Soldats d’hier et d’aujourd’hui : les cataphractaires
Cataphractaire parthe aux prises avec de l'infanterie légère.

Soldats d’hier et d’aujourd’hui : les cataphractaires

Le terme « cataphractaire » vient du grec kataphraktoi, mot composé de « κατά » (« totalement ») et de « φρακτός » (« protégé, couvert »). Les cataphractaires sont, dans les armées de l’Antiquité et du Moyen Âge, les cavaliers lourds, portant une armure complète, ainsi que leur monture. Originaires d’Asie, ils ne furent intégrés que tardivement dans l’armée romaine, mais donneront naissance, aux alentours du XIIe siècle, à la chevalerie telle que nous nous la représentons.

Origines

Terre cuite du V-VIe s., dynastie des WEI du Nord (386-534).

Terre cuite du V-VIe s., dynastie des WEI du Nord (386-534).

Il est difficile de savoir quel peuple a inventé le concept de cavaliers cuirassés, étant donné que cette cavalerie a été employée pendant plus d’un millénaire, que les seules sources qui nous sont parvenues sont des sources gréco-latines, et que l’archéologie ne permet pas, vu les migrations perpétuelles des peuplades nomades dont nous vient cette tradition, de définir clairement qui a « déposé le brevet ».

Ce que nous pouvons dire, c’est qu’il est quasi-certain que les cavaliers lourds, « blindés » dirait-on, trouvent leur origine chez les peuples nomades des steppes d’Asie centrale et du sous-continent iranien, aux alentours du Ier millénaire avant J.C.. C’est dans cette région que les Assyriens se dotèrent pour la première fois d’une cavalerie lourde, recouverte de plates, pour combattre les nomades araméens, vers – 1300.

Lors de la fondation des premiers empires indo-iraniens vers le VIIe siècle avant J.C, la cavalerie fut le fer de lance des armées impériales : l’empire Mède et son successeur l’empire Achéménide basaient toute leur puissance sur leur cavalerie, issue du fruit de l’expérience dans les multiples guerres qui opposèrent ces deux entités aux peuplades nomades, notamment indo-scythes.

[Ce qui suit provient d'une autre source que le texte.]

(* Let $\mathcal{Y}=\{1,\dots,k\}$ be a finite label set, $L\in\mathbb{R}^{k\times k}$ a task loss matrix with nonnegative entries, $\Phi:\mathbb{R}^k\times\mathcal{Y}\to\mathbb{R}$ a surrogate loss that is continuous and bounded from below, and $\mathcal{F}\subseteq\mathbb{R}^k$ a subspace of allowed score vectors. Let $H_{\Phi,L,\mathcal{F}}$ be the calibration function and let $\check H_{\Phi,L,\mathcal{F}}:[0,+\infty)\to[0,+\infty]$ be a convex non-decreasing function with $\check H_{\Phi,L,\mathcal{F}}(\varepsilon)\le H_{\Phi,L,\mathcal{F}}(\varepsilon)$ for all $\varepsilon\ge 0$. Then for any $\varepsilon>0$ such that $\check H_{\Phi,L,\mathcal{F}}(\varepsilon)$ is finite and any score function $f\in\mathcal{F}_{\mathcal{F}}$, $$\mathcal{R}_\Phi(f)<\mathcal{R}^*_{\Phi,\mathcal{F}}+\check H_{\Phi,L,\mathcal{F}}(\varepsilon)\ \Longrightarrow\ \mathcal{R}_L(f)<\mathcal{R}^*_{L,\mathcal{F}}+\varepsilon,$$ where $\mathcal{R}^*_{\Phi,\mathcal{F}}=\inf_{g\in\mathcal{F}_{\mathcal{F}}}\mathcal{R}_\Phi(g)$ and $\mathcal{R}^*_{L,\mathcal{F}}=\inf_{g\in\mathcal{F}_{\mathcal{F}}}\mathcal{R}_L(g)$.
   Context: Predictor: for $f\in\mathbb{R}^k$, $\mathrm{pred}(f)$ is the smallest index $c$ among those maximizing $f_c$. For $q$ in the probability simplex $\Delta_k$, the conditional risk is $\ell(f,q)=\sum_{c=1}^k q_c L(\mathrm{pred}(f),c)$ and the conditional surrogate risk is $\phi(f,q)=\sum_{c=1}^k q_c\Phi(f,c)$; their excesses are $\delta\ell(f,q)=\ell(f,q)-\inf_{\hat f\in\mathcal{F}}\ell(\hat f,q)$ and $\delta\phi(f,q)=\phi(f,q)-\inf_{\hat f\in\mathcal{F}}\phi(\hat f,q)$. The calibration function is, for $\varepsilon\ge0$, $H_{\Phi,L,\mathcal{F}}(\varepsilon)=\inf\{\delta\phi(f,q): f\in\mathcal{F}, q\in\Delta_k, \delta\ell(f,q)\ge\varepsilon\}$, set to $+\infty$ if the feasible set is empty. Data: $(x,y)$ are drawn from a distribution $\mathcal{D}$ on $\mathcal{X}\times\mathcal{Y}$; $\mathcal{F}_{\mathcal{F}}$ is the set of all Borel measurable functions $f:\mathcal{X}\to\mathcal{F}$; $\mathcal{R}_L(f)=\mathbb{E}_{(x,y)\sim\mathcal{D}}L(\mathrm{pred}(f(x)),y)$ and $\mathcal{R}_\Phi(f)=\mathbb{E}_{(x,y)\sim\mathcal{D}}\Phi(f(x),y)$. *)

theory Defs
  imports "HOL-Probability.Probability"
begin

text \<open>Labels are the elements of a finite linearly ordered type 'k (so Y = {1..k}
  with k = CARD('k)); score vectors are elements of real^'k.\<close>

definition pred :: "real ^ 'k::{finite,linorder} \<Rightarrow> 'k::{finite,linorder}" where
  "pred f = (LEAST c. \<forall>c'. f $ c' \<le> f $ c)"

definition prob_simplex :: "(real ^ 'k::finite) set" where
  "prob_simplex = {q. (\<forall>c. 0 \<le> q $ c) \<and> (\<Sum>c\<in>UNIV. q $ c) = 1}"

definition cond_risk :: "('k::{finite,linorder} \<Rightarrow> 'k::{finite,linorder} \<Rightarrow> real) \<Rightarrow> real ^ 'k::{finite,linorder} \<Rightarrow> real ^ 'k::{finite,linorder} \<Rightarrow> real" where
  "cond_risk L f q = (\<Sum>c\<in>UNIV. q $ c * L (pred f) c)"

definition cond_surr :: "(real ^ 'k::finite \<Rightarrow> 'k::finite \<Rightarrow> real) \<Rightarrow> real ^ 'k::finite \<Rightarrow> real ^ 'k::finite \<Rightarrow> real" where
  "cond_surr Phi f q = (\<Sum>c\<in>UNIV. q $ c * Phi f c)"

definition excess_risk :: "('k::{finite,linorder} \<Rightarrow> 'k::{finite,linorder} \<Rightarrow> real) \<Rightarrow> (real ^ 'k::{finite,linorder}) set \<Rightarrow> real ^ 'k::{finite,linorder} \<Rightarrow> real ^ 'k::{finite,linorder} \<Rightarrow> real" where
  "excess_risk L F f q = cond_risk L f q - (INF g\<in>F. cond_risk L g q)"

definition excess_surr :: "(real ^ 'k::finite \<Rightarrow> 'k::finite \<Rightarrow> real) \<Rightarrow> (real ^ 'k::finite) set \<Rightarrow> real ^ 'k::finite \<Rightarrow> real ^ 'k::finite \<Rightarrow> real" where
  "excess_surr Phi F f q = cond_surr Phi f q - (INF g\<in>F. cond_surr Phi g q)"

text \<open>Calibration function; Inf of the empty set of ereals is +\<infinity>.\<close>
definition calib :: "(real ^ 'k::{finite,linorder} \<Rightarrow> 'k::{finite,linorder} \<Rightarrow> real) \<Rightarrow> ('k::{finite,linorder} \<Rightarrow> 'k::{finite,linorder} \<Rightarrow> real) \<Rightarrow> (real ^ 'k::{finite,linorder}) set \<Rightarrow> real \<Rightarrow> ereal" where
  "calib Phi L F eps = Inf {ereal (excess_surr Phi F f q) | f q.
       f \<in> F \<and> q \<in> prob_simplex \<and> excess_risk L F f q \<ge> eps}"

definition eexp :: "'a measure \<Rightarrow> ('a \<Rightarrow> real) \<Rightarrow> ereal" where
  "eexp M g = enn2ereal (\<integral>\<^sup>+ z. ennreal (g z) \<partial>M) - enn2ereal (\<integral>\<^sup>+ z. ennreal (- g z) \<partial>M)"

definition score_funs :: "'x measure \<Rightarrow> (real ^ 'k::finite) set \<Rightarrow> ('x \<Rightarrow> real ^ 'k::finite) set" where
  "score_funs MX F = {f. f \<in> borel_measurable MX \<and> (\<forall>x\<in>space MX. f x \<in> F)}"

definition risk_L :: "('x \<times> 'k::{finite,linorder}) measure \<Rightarrow> ('k::{finite,linorder} \<Rightarrow> 'k::{finite,linorder} \<Rightarrow> real) \<Rightarrow> ('x \<Rightarrow> real ^ 'k::{finite,linorder}) \<Rightarrow> ereal" where
  "risk_L D L f = eexp D (\<lambda>(x, y). L (pred (f x)) y)"

definition risk_Phi :: "('x \<times> 'k::finite) measure \<Rightarrow> (real ^ 'k::finite \<Rightarrow> 'k::finite \<Rightarrow> real) \<Rightarrow> ('x \<Rightarrow> real ^ 'k::finite) \<Rightarrow> ereal" where
  "risk_Phi D Phi f = eexp D (\<lambda>(x, y). Phi (f x) y)"

definition ereal_convex_nonneg :: "(real \<Rightarrow> ereal) \<Rightarrow> bool" where
  "ereal_convex_nonneg H \<longleftrightarrow> (\<forall>x\<ge>0. \<forall>y\<ge>0. \<forall>t\<in>{0..1::real}.
      H ((1 - t) * x + t * y) \<le> ereal (1 - t) * H x + ereal t * H y)"

end

theory Submission
  imports Defs
begin

text \<open>Disintegrating \<open>D\<close> along the label gives a marginal \<open>P\<close> on \<open>X\<close> and conditional
  label distributions \<open>q(x)\<close> in the simplex, so both risks become \<open>P\<close>-integrals of conditional
  risks. The optimal task risk is at least the integral of the pointwise optimal conditional
  risk, and the optimal surrogate risk is at most the integral of its pointwise infimum, which
  a measurable minimising sequence through a countable dense subset of \<open>F\<close> attains in the limit
  by dominated convergence. So the excess risks of \<open>f\<close> are controlled by the integrals of the
  pointwise excess risks, where by definition of the calibration function the excess surrogate
  risk dominates \<open>Hc\<close> of the excess task risk. Jensen's inequality for the convex non-decreasing
  \<open>Hc\<close>, through a supporting line at \<open>eps\<close>, turns an expected excess task risk of at least
  \<open>eps\<close> into an expected excess surrogate risk of at least \<open>Hc eps\<close>.\<close>

section \<open>Convex functions with values in the extended reals\<close>

lemma ereal_convex_nonneg_three_chord:
  fixes H :: "real \<Rightarrow> ereal"
  assumes conv: "ereal_convex_nonneg H" and "0 \<le> u" "u < e" "e < w"
    and fin: "\<bar>H u\<bar> \<noteq> \<infinity>" "\<bar>H e\<bar> \<noteq> \<infinity>" "\<bar>H w\<bar> \<noteq> \<infinity>"
  shows "(real_of_ereal (H e) - real_of_ereal (H u)) / (e - u)
    \<le> (real_of_ereal (H w) - real_of_ereal (H e)) / (w - e)"
proof -
  define t where "t = (e - u) / (w - u)"
  define hu hw where "hu = real_of_ereal (H u)" and "hw = real_of_ereal (H w)"
  have t: "t \<in> {0..1}" "(w - u) * t = e - u"
    using assms(2-4) by (auto simp: t_def field_simps)
  then have e_comb: "(1 - t) * u + t * w = e"
    by (simp add: algebra_simps)
  have "H e \<le> ereal (1 - t) * H u + ereal t * H w"
    using conv t e_comb assms(2-4) unfolding ereal_convex_nonneg_def
    by (metis less_eq_real_def order.trans)
  also have "\<dots> = ereal ((1 - t) * hu + t * hw)"
    using fin unfolding hu_def hw_def by (metis ereal_real' plus_ereal.simps(1) times_ereal.simps(1))
  finally have "real_of_ereal (H e) \<le> (1 - t) * hu + t * hw"
    using fin by (metis ereal_less_eq(3) ereal_real')
  then have "(w - u) * real_of_ereal (H e) \<le> (w - u) * ((1 - t) * hu + t * hw)"
    using assms(2-4) by (intro mult_left_mono) auto
  also have "\<dots> = ((w - u) * (1 - t)) * hu + ((w - u) * t) * hw"
    by (simp add: algebra_simps)
  also have "\<dots> = (w - e) * hu + (e - u) * hw"
    using t(2) by (simp add: right_diff_distrib)
  finally have "(real_of_ereal (H e) - hu) * (w - e) \<le> (hw - real_of_ereal (H e)) * (e - u)"
    by (simp add: algebra_simps)
  then show ?thesis
    using assms(2-4) unfolding hu_def hw_def by (simp add: divide_simps mult.commute)
qed

text \<open>The supporting slope at \<open>eps\<close> is the infimum of the chord slopes to the right of
  \<open>eps\<close>; a finite value of \<open>H\<close> beyond \<open>eps\<close> is what keeps it finite.\<close>

lemma ereal_convex_nonneg_support_line:
  fixes H :: "real \<Rightarrow> ereal"
  assumes conv: "ereal_convex_nonneg H" and mono: "mono_on {0..} H" and H0: "H 0 \<noteq> -\<infinity>"
    and eps: "0 < eps" "eps < z" and fin_z: "\<bar>H z\<bar> \<noteq> \<infinity>"
  obtains s where "0 \<le> s" "\<And>e. 0 \<le> e \<Longrightarrow> ereal (real_of_ereal (H eps) + s * (e - eps)) \<le> H e"
proof -
  define h where "h e = real_of_ereal (H e)" for e
  have H_ge: "H 0 \<le> H e" if "0 \<le> e" for e
    using mono that by (auto intro: mono_onD)
  have fin: "\<bar>H e\<bar> \<noteq> \<infinity>" if "0 \<le> e" "H e < \<infinity>" for e
    using H_ge[OF that(1)] H0 that(2) by auto
  have fin_le: "\<bar>H e\<bar> \<noteq> \<infinity>" if "0 \<le> e" "e \<le> z" for e
    using mono_onD[OF mono _ _ that(2)] that fin_z fin[OF that(1)] eps by fastforce
  have H_eps: "H eps = ereal (h eps)"
    using fin_le[of eps] eps unfolding h_def by (simp add: ereal_real')
  define S where "S = {(h e - h eps) / (e - eps) | e. eps < e \<and> H e < \<infinity>}"
  have "H z < \<infinity>" using fin_z by auto
  then have S_ne: "S \<noteq> {}" unfolding S_def using eps by auto
  have slope_le_S: "(h eps - h e) / (eps - e) \<le> x" if "x \<in> S" "0 \<le> e" "e < eps" for x e
  proof -
    obtain w where "x = (h w - h eps) / (w - eps)" "eps < w" "H w < \<infinity>"
      using \<open>x \<in> S\<close> unfolding S_def by auto
    then show ?thesis unfolding h_def
      using ereal_convex_nonneg_three_chord[OF conv, of e eps w] that eps fin fin_le by auto
  qed
  have bdd: "bdd_below S"
    using slope_le_S[of _ 0] eps unfolding bdd_below_def by blast
  define s where "s = Inf S"
  have "0 \<le> s" unfolding s_def
  proof (rule cInf_greatest[OF S_ne])
    fix x assume "x \<in> S"
    then obtain e where x: "x = (h e - h eps) / (e - eps)" "eps < e" "H e < \<infinity>"
      unfolding S_def by auto
    have "H eps \<le> H e" using mono_onD[OF mono] eps x by auto
    then have "h eps \<le> h e"
      using fin[of e] x eps H_eps unfolding h_def
      by (metis ereal_less_eq(3) ereal_real' less_le_not_le less_trans)
    then show "0 \<le> x" using x by auto
  qed
  moreover have "ereal (h eps + s * (e - eps)) \<le> H e" if "0 \<le> e" for e
  proof (cases "H e < \<infinity>")
    case True
    have "h eps + s * (e - eps) \<le> h e"
    proof (cases e eps rule: linorder_cases)
      case greater
      have "s \<le> (h e - h eps) / (e - eps)" unfolding s_def
        by (rule cInf_lower[OF _ bdd]) (use greater True in \<open>auto simp: S_def\<close>)
      then show ?thesis using greater by (simp add: pos_le_divide_eq)
    next
      case less
      have "(h eps - h e) / (eps - e) \<le> s" unfolding s_def
        by (rule cInf_greatest[OF S_ne slope_le_S]) (use less that in auto)
      then show ?thesis using less by (simp add: pos_divide_le_eq algebra_simps)
    qed simp
    moreover have "H e = ereal (h e)" using fin[OF that True] unfolding h_def by (simp add: ereal_real')
    ultimately show ?thesis by simp
  next
    case False
    then show ?thesis by (simp add: not_less)
  qed
  ultimately show ?thesis using that unfolding h_def by blast
qed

L’idée de cavalerie lourde se diffuse très largement, notamment dans les peuplades steppiques d’Europe orientale : aux alentours du IVe siècle av. JC, les Sarmates prennent le dessus sur leurs rivaux Scythes, grâce à l’usage d’une redoutable cavalerie lourde contre des peuples qui ignoraient son usage. Attention toutefois : l’usage de cavalerie lourde ne signifie pas de fait l’usage d’une cavalerie de choc : il semble que la première utilisation de protections telles que les broignes ou les armures lamellaires avait pour but de protéger des archers montés… contre d’autres archers montés, mais non protégés. L’usage d’une cavalerie loure de choc n’apparaît que plus tard.

Douloureuse découverte en Occident

Contre une phalange, la cavalerie s'avère totalement inutile.

Contre une phalange, la cavalerie s’avère totalement inutile.

Si les cataphractaires sont totalement inconnus en Europe avant les guerres Médiques (490-479 av. J.C), cela est principalement dû au modèle guerrier occidental, qui à l’époque est le modèle grec. En effet, le soldat grec est, par excellence, un fantassin, lourdement armé, prenant place dans un ensemble tactique relativement simple : la phalange. La cavalerie est, dans les armées grecques, généralement sous-représentée pour deux raisons principales:

  • Le terrain très accidenté du monde égéen rend l’élevage d’animaux, autre que des chèvres, assez difficile, doublé au fait que la végétation y est pauvre.
  • La cavalerie grecque, qui existe bel et bien — les Béotiens sont réputés pour être de bons cavaliers — est une cavalerie légère, qui sert principalement à affronter la cavalerie tout aussi légère de l’adversaire. Contre une phalange hoplitique, la cavalerie n’avait aucune chance d’obtenir un quelconque résultat, d’autant plus que le code de l’honneur guerrier grec fait que la guerre est un acte sacré, régi par des règles très précises. (cf. articles hoplites).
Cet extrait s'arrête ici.